Film Review by Dean Duncan Jun 2, 2015

He’s blind! And that ending is kind of exactly copped from Truffaut’s take on Fahrenheit 451. Originality isn’t everything, so that’s not necessarily a problem. But a bigger uncertainty, and a fundamental strategical misstep sort of sink this. With regard to that uncertainty one should be fair. Who really understands religion, or spirituality, or God? Well, not these guys, anyway. Struggle, or uncertainty, or “Lord I believe—help thou my unbelief” are all completely valid. But I don’t think The Book of Eli is spiritually serious, sincere, or searching at all. I think it’s real intent is contained in the second, strategical and misstepping thing to which I referred above.

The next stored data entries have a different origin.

(* Let $(G,N,\theta)_{\mathcal H}$ be an $\mathcal H$-triple and let $\mathcal P$ be a projective representation of $G_\theta$ associated with $\theta$, with entries in $\mathbb Q^{\mathrm{ab}}$ and factor set $\alpha$. (a) Let $g\in G_\theta$. Then $\mathcal P^g(y)=\mu_g(y)M\mathcal P(y)M^{-1}$ for all $y\in G_\theta$, where $\mu_g(y)=\dfrac{\alpha(g,g^{-1})}{\alpha(g,yg^{-1})\alpha(y,g^{-1})}$ and $M=\mathcal P(g)$. In particular, $\mu_g$ takes values in $\mathbb Q^{\mathrm{ab}}\setminus\{0\}$. (b) Let $(g,\sigma)\in(G\times\mathcal H)_\theta$ and write $g=tx$ with $t\in G_\theta$ and $x\in G$. Then $\theta^{x\sigma}=\theta$, $(G_\theta)^x=G_\theta$, and $\mu_{g\sigma}=\mu_t^{x\sigma}\mu_{x\sigma}$, where $\mu_t^{x\sigma}(y)=\sigma(\mu_t(xyx^{-1}))$ for $y\in G_\theta$.
   Context: All groups are finite; $p$ is a fixed prime. $\mathbb Q^{\mathrm{ab}}\subseteq\mathbb C$ is generated by all roots of unity, $\mathcal G=\mathrm{Gal}(\mathbb Q^{\mathrm{ab}}/\mathbb Q)$, $\mathcal H\le\mathcal G$ consists of those $\sigma$ for which there is an integer $f$ with $\sigma(\xi)=\xi^{p^f}$ for all roots of unity $\xi$ of order prime to $p$. For $N\trianglelefteq G$, $\theta\in\mathrm{Irr}(N)$, $g\in G$, $\sigma\in\mathcal G$: $\theta^{g\sigma}(n)=\sigma(\theta(gng^{-1}))$; $(G\times\mathcal H)_\theta$ is the stabilizer of $\theta$; $\theta^{\mathcal H}$ the $\mathcal H$-orbit; $G_{\theta^{\mathcal H}}=\{g:\theta^g\in\theta^{\mathcal H}\}$. $(G,N,\theta)_{\mathcal H}$ is an $\mathcal H$-triple if $N\trianglelefteq G$, $\theta\in\mathrm{Irr}(N)$, $G_{\theta^{\mathcal H}}=G$. A projective representation $\mathcal P$ with factor set $\alpha$ satisfies $\mathcal P(x)\mathcal P(y)=\alpha(x,y)\mathcal P(xy)$; $\mathcal P$ on $G_\theta$ is associated with $\theta$ if $\mathcal P_N$ affords $\theta$ and $\mathcal P(ng)=\mathcal P(n)\mathcal P(g)$, $\mathcal P(gn)=\mathcal P(g)\mathcal P(n)$. For $(x,\sigma)\in G\times\mathcal G$ with $\theta^{x\sigma}=\theta$, $\mathcal P^{x\sigma}(y)=\sigma(\mathcal P(xyx^{-1}))$ (entrywise; $\mathcal P^x$ when $\sigma=1$), and $\mu_{x\sigma}:G_\theta\to\mathbb C^\times$ is the unique function, constant on $N$-cosets with $\mu_{x\sigma}(1)=1$, such that $\mathcal P^{x\sigma}(y)=\mu_{x\sigma}(y)L^{-1}\mathcal P(y)L$ for all $y$, for some invertible matrix $L$. *)

theory Defs
  imports "HOL-Algebra.Group" "HOL-Algebra.Coset" "Jordan_Normal_Form.Matrix"
    "HOL-Computational_Algebra.Primes"
begin

definition roots_of_unity :: "complex set" where
  "roots_of_unity = {z. \<exists>n::nat. n > 0 \<and> z ^ n = 1}"

definition is_subfield_C :: "complex set \<Rightarrow> bool" where
  "is_subfield_C F \<longleftrightarrow> 0 \<in> F \<and> 1 \<in> F \<and>
     (\<forall>a\<in>F. \<forall>b\<in>F. a + b \<in> F \<and> a - b \<in> F \<and> a * b \<in> F) \<and>
     (\<forall>a\<in>F. a \<noteq> 0 \<longrightarrow> inverse a \<in> F)"

definition Qab :: "complex set" where
  "Qab = \<Inter> {F. is_subfield_C F \<and> roots_of_unity \<subseteq> F}"

text \<open>Elements of Gal(Q^ab/Q): field automorphisms of Q^ab, represented by
  functions on C whose behaviour outside Q^ab is irrelevant.\<close>
definition GalQab :: "(complex \<Rightarrow> complex) set" where
  "GalQab = {\<sigma>. bij_betw \<sigma> Qab Qab \<and>
     (\<forall>a\<in>Qab. \<forall>b\<in>Qab. \<sigma> (a + b) = \<sigma> a + \<sigma> b \<and> \<sigma> (a * b) = \<sigma> a * \<sigma> b)}"

text \<open>The subgroup H (for the fixed prime p): there is an integer f with
  sigma(xi) = xi^(p^f) for all roots of unity xi of order prime to p. For f < 0,
  xi^(p^f) is the unique root of unity eta of order prime to p with eta^(p^(-f)) = xi;
  since sigma(xi) is such a root of unity, this is expressed as sigma(xi)^(p^(-f)) = xi.\<close>
definition HGal :: "nat \<Rightarrow> (complex \<Rightarrow> complex) set" where
  "HGal p = {\<sigma>\<in>GalQab. \<exists>f::int. \<forall>\<xi>. (\<exists>m::nat. m > 0 \<and> \<xi> ^ m = 1 \<and> coprime m p) \<longrightarrow>
      (if f \<ge> 0 then \<sigma> \<xi> = \<xi> ^ (p ^ nat f) else (\<sigma> \<xi>) ^ (p ^ nat (- f)) = \<xi>)}"

definition mat_trace :: "'c::comm_ring_1 mat \<Rightarrow> 'c" where
  "mat_trace A = (\<Sum>i<dim_row A. A $$ (i, i))"

definition is_rep :: "('a, 'b) monoid_scheme \<Rightarrow> 'a set \<Rightarrow> nat \<Rightarrow> ('a \<Rightarrow> complex mat) \<Rightarrow> bool" where
  "is_rep G N d \<rho> \<longleftrightarrow> (\<forall>n\<in>N. \<rho> n \<in> carrier_mat d d) \<and> \<rho> \<one>\<^bsub>G\<^esub> = 1\<^sub>m d \<and>
     (\<forall>n\<in>N. \<forall>m\<in>N. \<rho> (n \<otimes>\<^bsub>G\<^esub> m) = \<rho> n * \<rho> m)"
(* Let $f:\mathbb{R}^n\to\mathbb{R}$ and $c:\mathbb{R}^n\to\mathbb{R}^m$ ($m<n$) be smooth, with $g(x)=\nabla f(x)$ and Jacobian $J(x)=\nabla c(x)\in\mathbb{R}^{m\times n}$. Suppose noisy evaluations $\tilde f,\tilde c,\tilde g,\tilde J$ satisfy, for all $x$, $|\tilde f(x)-f(x)|\le\epsilon_f$, $\|\tilde c(x)-c(x)\|_1\le\epsilon_c$, $\|\tilde g(x)-g(x)\|\le\epsilon_g$, $\|\tilde J(x)-J(x)\|_{1,2}\le\epsilon_J$. Let $\{x_k\}$ be a sequence of points with $\sigma_{\min}(J_k)\ge\gamma$ for all $k$, where $\gamma>\epsilon_J$, and set $\delta=1/(\gamma-\epsilon_J)$, $\eta=1/\gamma$. For $\beta_k>0$ let $d_k$ solve $\min_d\ \tfrac12\beta_k\|d\|^2+\tilde g_k^Td$ subject to $\tilde c_k+\tilde J_kd=0$. Fix $\tau\in(0,1)$ and suppose that at every iteration $k$ the penalty parameter $\pi_k>0$ satisfies $$\pi_k\ge\frac{1}{1-\tau}\big\|(\tilde J_k\tilde J_k^T)^{-1}\tilde J_k\tilde g_k\big\|_\infty.$$ Then, with $\ell(x_k;d_k)=g_k^Td_k+\pi_k\|c_k+J_kd_k\|_1-\pi_k\|c_k\|_1$, $$\ell(x_k;d_k)\le-\frac{1}{\beta_k}g_k^TP_kg_k+\frac{1}{\beta_k}\big(\|g_k\|^2\eta\epsilon_J+\epsilon_g\|g_k\|\big)-\tau\pi_k\|c_k\|_1+\epsilon_g\delta(\|c_k\|_1+\epsilon_c)$$ $$\qquad+\pi_k\Big((2-\tau)\epsilon_c+\epsilon_J\Big(\delta(\|c_k\|_1+\epsilon_c)+\frac{1}{\beta_k}\big(\|P_kg_k\|+\|g_k\|\eta\epsilon_J+\epsilon_g\big)\Big)\Big).$$
   Context: $\|\cdot\|$ denotes the Euclidean norm; $\|\cdot\|_{1,2}$ is the matrix norm $\sup_{x\ne0}\|Ax\|_1/\|x\|$ for $A\in\mathbb{R}^{m\times n}$; $\sigma_{\min}$ is the smallest singular value. Subscript $k$ denotes evaluation at $x_k$: $g_k=g(x_k)$, $c_k=c(x_k)$, $J_k=J(x_k)$, $\tilde g_k=\tilde g(x_k)$, $\tilde c_k=\tilde c(x_k)$, $\tilde J_k=\tilde J(x_k)$. $P_k=I-J_k^T(J_kJ_k^T)^{-1}J_k$ is the orthogonal projection onto the null space of $J_k$. *)

theory Defs
  imports "HOL-Analysis.Analysis"
begin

This movie sure is gleeful in the way it pursues and perpetrates mayhem! Look at that graphic novel silhouette/ tableaux. Look at him, annihilating everybody! Look at the filmmakers make those two actors from the Harry Potter series be cannibals and curse a lot! Our hero may recite from the Bible (and quite beautifully, at that) and treat women respectfully, but in the end, for all of the handsome if over-emphatic design, The Book of Eli is mostly just so much fast and furious.

Furthermore, having Malcolm McDowell play civilization’s saviour seems something of a miscalculation, don’t you think? Are these people oblivious to the intertextual implications—think of McDowell’s most celebrated credits—or are they just really cynical? This is like when they cast Gene Lockhart to play the benevolent angel in Carousel. Serious, even fatal implausibility!